To get started, look for an image that you feel you could achieve, think of a new angle on it, and take your shot. Fotolia, images need to be a minimum of 3.7MP, pin sharp focus, and no noise. To avoid being disillusioned by repeated rejections, you need to be very critical with your own work. Look at the free images; these are pictures that have not made the grade, but the photographer has allowed to be downloaded for free (though why anyone would agree to this is beyond me), this will give you an idea what not to submit. Do not worry about cropping; the purchaser of your image will do that to suit his or her requirements. I may add a bit of colour saturation and contrast to my images, but not too much as you do not want to introduce noise in the image (simply put, noise is a degradation of the image).

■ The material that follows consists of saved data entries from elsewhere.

lemma borel_measurable_risk_grad_integrand:
  assumes "f \<in> borel_measurable (cube_measure d a b)" "p \<in> borel_measurable (cube_measure d a b)"
    and "\<sigma> \<in> borel_measurable borel" "\<sigma>' \<in> borel_measurable borel"
  shows "risk_grad_integrand d H f p \<sigma> \<sigma>' \<theta> k \<in> borel_measurable (cube_measure d a b)"
  unfolding risk_grad_integrand_def[abs_def] using assms
  by (intro borel_measurable_times borel_measurable_const borel_measurable_diff
      borel_measurable_realization borel_measurable_realization_partial)

lemma smooth_risk_eq_integral:
  "smooth_risk d H a b f p \<sigma> \<theta> = (\<integral>y. (f y - realization d H \<sigma> \<theta> y)\<^sup>2 * p y \<partial>cube_measure d a b)"
  unfolding smooth_risk_def set_integral_cube realization_def preact_def by (simp add: algebra_simps)

lemma coord_bounded_update:
  assumes "k \<in> {1..n}" "\<bar>s - \<theta> k\<bar> \<le> 1"
  shows "coord_bounded n (1 + (\<Sum>m=1..n. \<bar>\<theta> m\<bar>)) (\<theta>(k := s))"
  unfolding coord_bounded_def
proof
  fix m assume "m \<in> {1..n}"
  then have "\<bar>\<theta> k\<bar> \<le> (\<Sum>m=1..n. \<bar>\<theta> m\<bar>)" "\<bar>\<theta> m\<bar> \<le> (\<Sum>m=1..n. \<bar>\<theta> m\<bar>)"
    using assms(1) by (auto intro: member_le_sum)
  then show "\<bar>(\<theta>(k := s)) m\<bar> \<le> 1 + (\<Sum>m=1..n. \<bar>\<theta> m\<bar>)" using assms(2) by auto
qed

lemma integrable_squared_loss:
  assumes f_cont: "continuous_on (cube d a b) f"
    and p_meas: "p \<in> borel_measurable (cube_measure d a b)"
    and p_bdd: "\<And>y. y \<in> cube d a b \<Longrightarrow> \<bar>p y\<bar> \<le> P"
    and \<sigma>_cont: "continuous_on UNIV \<sigma>"
  shows "integrable (cube_measure d a b) (\<lambda>y. (f y - realization d H \<sigma> \<theta> y)\<^sup>2 * p y)"
proof -
  define K where "K = (\<Sum>m=1..pdim d H. \<bar>\<theta> m\<bar>)"
  have \<theta>: "coord_bounded (pdim d H) K \<theta>" unfolding K_def by (rule coord_bounded_l1)
  obtain F where F: "\<And>y. y \<in> cube d a b \<Longrightarrow> \<bar>f y\<bar> \<le> F"
    using continuous_on_cube_bounded[OF f_cont] by blast
  obtain S where S: "\<And>u. \<bar>u\<bar> \<le> K * input_bound d a b \<Longrightarrow> \<bar>\<sigma> u\<bar> \<le> S"
    using continuous_bounded_on_interval[OF \<sigma>_cont] by blast
  show ?thesis
  proof (rule integrable_cube_measure_bounded)
    show "(\<lambda>y. (f y - realization d H \<sigma> \<theta> y)\<^sup>2 * p y) \<in> borel_measurable (cube_measure d a b)"
      by (intro borel_measurable_times borel_measurable_power borel_measurable_diff p_meas
          borel_measurable_continuous_on_cube[OF f_cont] borel_measurable_realization
          borel_measurable_continuous_onI[OF \<sigma>_cont])
  next
    fix y assume y: "y \<in> cube d a b"
    have "\<bar>f y - realization d H \<sigma> \<theta> y\<bar> \<le> F + (K + real H * (K * S))"
      using F[OF y] abs_realization_le[where \<sigma>=\<sigma>, OF \<theta> y S] by linarith
    then have "(f y - realization d H \<sigma> \<theta> y)\<^sup>2 \<le> (F + (K + real H * (K * S)))\<^sup>2"
      by (metis abs_ge_zero power2_abs power_mono)
    then show "\<bar>(f y - realization d H \<sigma> \<theta> y)\<^sup>2 * p y\<bar> \<le> (F + (K + real H * (K * S)))\<^sup>2 * P"
      unfolding abs_mult using p_bdd[OF y] by (intro mult_mono) auto
  qed
qed

lemma grad_smooth_risk:
  assumes f_cont: "continuous_on (cube d a b) f"
    and p_meas: "p \<in> borel_measurable (cube_measure d a b)"
    and p_bdd: "\<And>y. y \<in> cube d a b \<Longrightarrow> \<bar>p y\<bar> \<le> P"
    and \<sigma>_diff: "\<And>x. \<sigma> differentiable (at x)"
    and \<sigma>'_cont: "continuous_on UNIV (deriv \<sigma>)"
    and k: "k \<in> {1..pdim d H}"
  shows "grad (smooth_risk d H a b f p \<sigma>) \<theta> k
       = (\<integral>y. risk_grad_integrand d H f p \<sigma> (deriv \<sigma>) \<theta> k y \<partial>cube_measure d a b)"
proof -
  define g where "g s y = (f y - realization d H \<sigma> (\<theta>(k := s)) y)\<^sup>2 * p y" for s y
  define g' where "g' s = risk_grad_integrand d H f p \<sigma> (deriv \<sigma>) (\<theta>(k := s)) k" for s
  have \<sigma>_der: "\<And>x. (\<sigma> has_real_derivative deriv \<sigma> x) (at x)"
    using \<sigma>_diff DERIV_deriv_iff_real_differentiable by blast
  have \<sigma>_cont: "continuous_on UNIV \<sigma>"
    using \<sigma>_diff by (simp add: differentiable_imp_continuous_within continuous_at_imp_continuous_on)
  have g_der: "((\<lambda>s. g s y) has_real_derivative g' s y) (at s)" for s y
    unfolding g_def g'_def risk_grad_integrand_def
    by (rule DERIV_cong, (rule derivative_eq_intros has_real_derivative_realization \<sigma>_der refl)+)
      (simp add: algebra_simps)
  define K where "K = 1 + (\<Sum>m=1..pdim d H. \<bar>\<theta> m\<bar>)"
  obtain F where F: "\<And>y. y \<in> cube d a b \<Longrightarrow> \<bar>f y\<bar> \<le> F"
    using continuous_on_cube_bounded[OF f_cont] by blast
  obtain S where S: "\<And>u. \<bar>u\<bar> \<le> K * input_bound d a b \<Longrightarrow> \<bar>\<sigma> u\<bar> \<le> S"
    using continuous_bounded_on_interval[OF \<sigma>_cont] by blast
  obtain S' where S': "\<And>u. \<bar>u\<bar> \<le> K * input_bound d a b \<Longrightarrow> \<bar>deriv \<sigma> u\<bar> \<le> S'"
    using continuous_bounded_on_interval[OF \<sigma>'_cont] by blast
  have "((\<lambda>s. \<integral>y. g s y \<partial>cube_measure d a b) has_real_derivative
          (\<integral>y. g' (\<theta> k) y \<partial>cube_measure d a b)) (at (\<theta> k))"
  proof (rule DERIV_integral_dominated[OF finite_measure_cube _ _ _ g_der])
    show "g s \<in> borel_measurable (cube_measure d a b)" for s
      using integrable_squared_loss[OF f_cont p_meas p_bdd \<sigma>_cont] unfolding g_def by blast
    show "integrable (cube_measure d a b) (g s)" for s
      using integrable_squared_loss[OF f_cont p_meas p_bdd \<sigma>_cont] unfolding g_def by blast
    show "g' (\<theta> k) \<in> borel_measurable (cube_measure d a b)"
      unfolding g'_def
      by (intro borel_measurable_risk_grad_integrand borel_measurable_continuous_on_cube[OF f_cont] p_meas
          borel_measurable_continuous_onI[OF \<sigma>_cont] borel_measurable_continuous_onI[OF \<sigma>'_cont])
    show "\<bar>g' s y\<bar> \<le> 2 * (K + real H * (K * S) + F) * (1 + real H * (S + K * (S' * input_bound d a b))) * P"
      if "y \<in> space (cube_measure d a b)" "\<bar>s - \<theta> k\<bar> \<le> 1" for s y
      unfolding g'_def K_def using that k F p_bdd S S'
      by (intro abs_risk_grad_integrand_le coord_bounded_update) (auto simp: space_cube_measure K_def)
  qed
  then show ?thesis
    unfolding grad_def smooth_risk_eq_integral g_def g'_def by (simp add: DERIV_imp_deriv)
qed

definition relu :: "real \<Rightarrow> real" where
  "relu x = max x 0"

definition heaviside :: "real \<Rightarrow> real" where
  "heaviside x = (if x > 0 then 1 else 0)"

lemma borel_measurable_relu: "relu \<in> borel_measurable borel"
  unfolding relu_def by measurable

lemma borel_measurable_heaviside: "heaviside \<in> borel_measurable borel"
  unfolding heaviside_def by measurable

lemma abs_relu_diff_le: "\<bar>relu u - relu v\<bar> \<le> \<bar>u - v\<bar>"
  unfolding relu_def by auto

lemma abs_relu_le: "\<bar>relu u\<bar> \<le> \<bar>u\<bar>"
  unfolding relu_def by auto

lemma abs_heaviside_le: "\<bar>heaviside u\<bar> \<le> 1"
  unfolding heaviside_def by auto

definition relu_gradient ::
  "nat \<Rightarrow> nat \<Rightarrow> real \<Rightarrow> real \<Rightarrow> ((nat \<Rightarrow> real) \<Rightarrow> real) \<Rightarrow> ((nat \<Rightarrow> real) \<Rightarrow> real)
   \<Rightarrow> (nat \<Rightarrow> real) \<Rightarrow> nat \<Rightarrow> real" where
  "relu_gradient d H a b f p \<theta> k =
     (\<integral>y. risk_grad_integrand d H f p relu heaviside \<theta> k y \<partial>cube_measure d a b)"

lemma smoothing_tendsto:
  assumes "\<forall>x. (\<lambda>r. \<bar>R r x - max x 0\<bar> + \<bar>deriv (R r) x - indicator {0<..} x\<bar>) \<longlonglongrightarrow> 0"
  shows "(\<lambda>r. R r x) \<longlonglongrightarrow> relu x" "(\<lambda>r. deriv (R r) x) \<longlonglongrightarrow> heaviside x"
proof -
  have "(\<lambda>r. R r x - max x 0) \<longlonglongrightarrow> 0" "(\<lambda>r. deriv (R r) x - indicator {0<..} x) \<longlonglongrightarrow> 0"
    by (rule Lim_null_comparison[OF _ assms[rule_format, of x]]; simp)+
  then show "(\<lambda>r. R r x) \<longlonglongrightarrow> relu x" "(\<lambda>r. deriv (R r) x) \<longlonglongrightarrow> heaviside x"
    unfolding relu_def heaviside_def by (auto dest: LIM_zero_cancel simp: indicator_def)
qed

lemma smoothing_uniformly_bounded:
  fixes R :: "nat \<Rightarrow> real \<Rightarrow> real"
  assumes R_C1: "\<forall>r\<ge>1. (\<forall>x. R r differentiable (at x)) \<and> continuous_on UNIV (deriv (R r))"
    and R_lim: "\<forall>x. (\<lambda>r. \<bar>R r x - max x 0\<bar> + \<bar>deriv (R r) x - indicator {0<..} x\<bar>) \<longlonglongrightarrow> 0"
    and R_bdd: "\<forall>x. \<exists>C. \<forall>r\<ge>1. \<forall>y\<in>{-\<bar>x\<bar>..\<bar>x\<bar>}. \<bar>deriv (R r) y\<bar> \<le> C"
  obtains S C where "\<And>r u. r \<ge> 1 \<Longrightarrow> \<bar>u\<bar> \<le> Z \<Longrightarrow> \<bar>R r u\<bar> \<le> S"
    and "\<And>r u. r \<ge> 1 \<Longrightarrow> \<bar>u\<bar> \<le> Z \<Longrightarrow> \<bar>deriv (R r) u\<bar> \<le> C"
proof -
  obtain C where C: "\<And>r u. r \<ge> 1 \<Longrightarrow> u \<in> {-\<bar>Z\<bar>..\<bar>Z\<bar>} \<Longrightarrow> \<bar>deriv (R r) u\<bar> \<le> C"
    using R_bdd by blast
  have "C \<ge> 0" using C[of 1 0] by simp
  obtain B where B: "\<And>r. \<bar>R r 0\<bar> \<le> B"
    using convergent_imp_bounded[OF smoothing_tendsto(1)[OF R_lim, of 0]] by (auto simp: bounded_iff)
  have "\<bar>R r u\<bar> \<le> B + C * \<bar>Z\<bar>" if "r \<ge> 1" "\<bar>u\<bar> \<le> Z" for r u
  proof -
    have "\<bar>R r u - R r 0\<bar> \<le> C * \<bar>u - 0\<bar>"
      using R_C1 that C DERIV_deriv_iff_real_differentiable
      by (intro DERIV_abs_diff_le[of "-\<bar>Z\<bar>" "\<bar>Z\<bar>"]) auto
    also have "\<dots> \<le> C * \<bar>Z\<bar>" using that \<open>C \<ge> 0\<close> by (intro mult_left_mono) auto
    finally show ?thesis using B[of r] by linarith
  qed
  moreover have "\<bar>deriv (R r) u\<bar> \<le> C" if "r \<ge> 1" "\<bar>u\<bar> \<le> Z" for r u
    using that by (intro C[of r u]) (auto simp: abs_le_iff)
  ultimately show ?thesis using that by blast
qed

lemma risk_grad_integrand_tendsto:
  assumes "\<forall>x. (\<lambda>r. \<bar>R r x - max x 0\<bar> + \<bar>deriv (R r) x - indicator {0<..} x\<bar>) \<longlonglongrightarrow> 0"
  shows "(\<lambda>r. risk_grad_integrand d H f p (R r) (deriv (R r)) \<theta> k y)
    \<longlonglongrightarrow> risk_grad_integrand d H f p relu heaviside \<theta> k y"
  unfolding risk_grad_integrand_def realization_def realization_partial_def
  using smoothing_tendsto[OF assms] by (intro tendsto_intros) auto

There are numerous other photo-stock sites that you can submit your photographs to, and which one is best will come down to your own personal preference. To compare sites, select similar photographs from a number of categories from each site and look at how many times they have been viewed, and how many times they have been downloaded (purchased). They also had different rules about what you can submit; for example, Fotolia do not except images containing brand names and logos, images of artwork and designs that have a copyright such as vehicles & patented household items; or photographs of buildings and people without a signed model release. Once you learn the rules though this is not a problem, you just learn to avoid certain subjects.
You can submit the same image to a number of photo-stock sites but they pay better for exclusivity. It’s a great feeling the first time you see one of your photographs in a publication, or used to illustrate a website, so have a go, and don't give up if at first you receive a rejection.